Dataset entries
____________

lemma scalar_prod_gram:
  assumes S: "S \<in> carrier_mat p n" and z: "(z::real vec) \<in> carrier_vec n"
  shows "(S *\<^sub>v z) \<bullet> (S *\<^sub>v z) = z \<bullet> ((S\<^sup>T * S) *\<^sub>v z)"
proof -
  have St: "S\<^sup>T \<in> carrier_mat n p" and Sz: "S *\<^sub>v z \<in> carrier_vec p" using S z by auto
  have "z \<bullet> ((S\<^sup>T * S) *\<^sub>v z) = (S\<^sup>T *\<^sub>v (S *\<^sub>v z)) \<bullet> z"
    using comm_scalar_prod[OF z, of "S\<^sup>T *\<^sub>v (S *\<^sub>v z)"] St Sz S z by simp
  also have "\<dots> = (S *\<^sub>v z) \<bullet> (S *\<^sub>v z)" by (rule transpose_vec_mult_scalar[OF S z Sz])
  finally show ?thesis by simp
qed

lemma psd_matD: "psd_mat M \<Longrightarrow> M \<in> carrier_mat n n \<Longrightarrow> x \<in> carrier_vec n \<Longrightarrow> 0 \<le> x \<bullet> (M *\<^sub>v x)"
  unfolding psd_mat_def by auto

lemma nonneg_quadratic_discriminant:
  fixes a b c :: real
  assumes "\<And>t. 0 \<le> a + 2*t*b + t^2*c" "0 \<le> c"
  shows "b^2 \<le> a * c"
proof (cases "c = 0")
  case True
  show ?thesis
  proof (rule ccontr)
    assume "\<not> ?thesis"
    hence "b \<noteq> 0" using True by auto
    have "0 \<le> a + 2 * (-(a+1)/(2*b)) * b" using assms(1)[of "-(a+1)/(2*b)"] True by simp
    also have "\<dots> = -1" using \<open>b \<noteq> 0\<close> by (simp add: field_simps)
    finally show False by simp
  qed
next
  case False
  hence c: "c > 0" using assms by auto
  have "0 \<le> a + 2 * (-b/c) * b + (-b/c)^2 * c" by (rule assms(1))
  also have "\<dots> = a - b^2 / c" using c by (simp add: field_simps power2_eq_square)
  finally show ?thesis using c by (simp add: field_simps)
qed

lemma psd_cauchy_schwarz:
  assumes M: "psd_mat M" "M \<in> carrier_mat n n" and x: "x \<in> carrier_vec n" and y: "y \<in> carrier_vec n"
  shows "(x \<bullet> (M *\<^sub>v y))^2 \<le> (x \<bullet> (M *\<^sub>v x)) * (y \<bullet> (M *\<^sub>v y))"
proof (rule nonneg_quadratic_discriminant)
  have sym: "symmetric_mat M" using M unfolding psd_mat_def by auto
  fix t :: real
  let ?z = "vec n (\<lambda>i. x $ i + t * y $ i)"
  have z: "?z \<in> carrier_vec n" by simp
  have "0 \<le> ?z \<bullet> (M *\<^sub>v ?z)" by (rule psd_matD[OF M z])
  also have "?z \<bullet> (M *\<^sub>v ?z) = (\<Sum>i<n. \<Sum>j<n. x $ i * M $$ (i,j) * x $ j
     + t * (x $ i * M $$ (i,j) * y $ j) + t * (y $ i * M $$ (i,j) * x $ j) + t^2 * (y $ i * M $$ (i,j) * y $ j))"
    unfolding bilinear_form_sum[OF M(2) z z]
    by (intro sum.cong refl) (simp add: algebra_simps power2_eq_square)
  also have "\<dots> = (\<Sum>i<n. \<Sum>j<n. x $ i * M $$ (i,j) * x $ j)
     + t * (\<Sum>i<n. \<Sum>j<n. x $ i * M $$ (i,j) * y $ j)
     + t * (\<Sum>i<n. \<Sum>j<n. y $ i * M $$ (i,j) * x $ j)
     + t^2 * (\<Sum>i<n. \<Sum>j<n. y $ i * M $$ (i,j) * y $ j)"
    by (simp only: sum.distrib sum_distrib_left)
  also have "\<dots> = x \<bullet> (M *\<^sub>v x) + 2 * t * (x \<bullet> (M *\<^sub>v y)) + t^2 * (y \<bullet> (M *\<^sub>v y))"
    using bilinear_form_sum[OF M(2) x x] bilinear_form_sum[OF M(2) x y] bilinear_form_sum[OF M(2) y x]
      bilinear_form_sum[OF M(2) y y] symmetric_bilinear_form_commute[OF sym M(2) x y]
    by simp
  finally show "0 \<le> x \<bullet> (M *\<^sub>v x) + 2 * t * (x \<bullet> (M *\<^sub>v y)) + t^2 * (y \<bullet> (M *\<^sub>v y))" .
qed (use psd_matD[OF M] y in auto)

____________

## WORK REQUEST
Each line above that contains the word "noteq" counts once; give the total and no other text.

## ANSWER TO THIS PROBLEM
2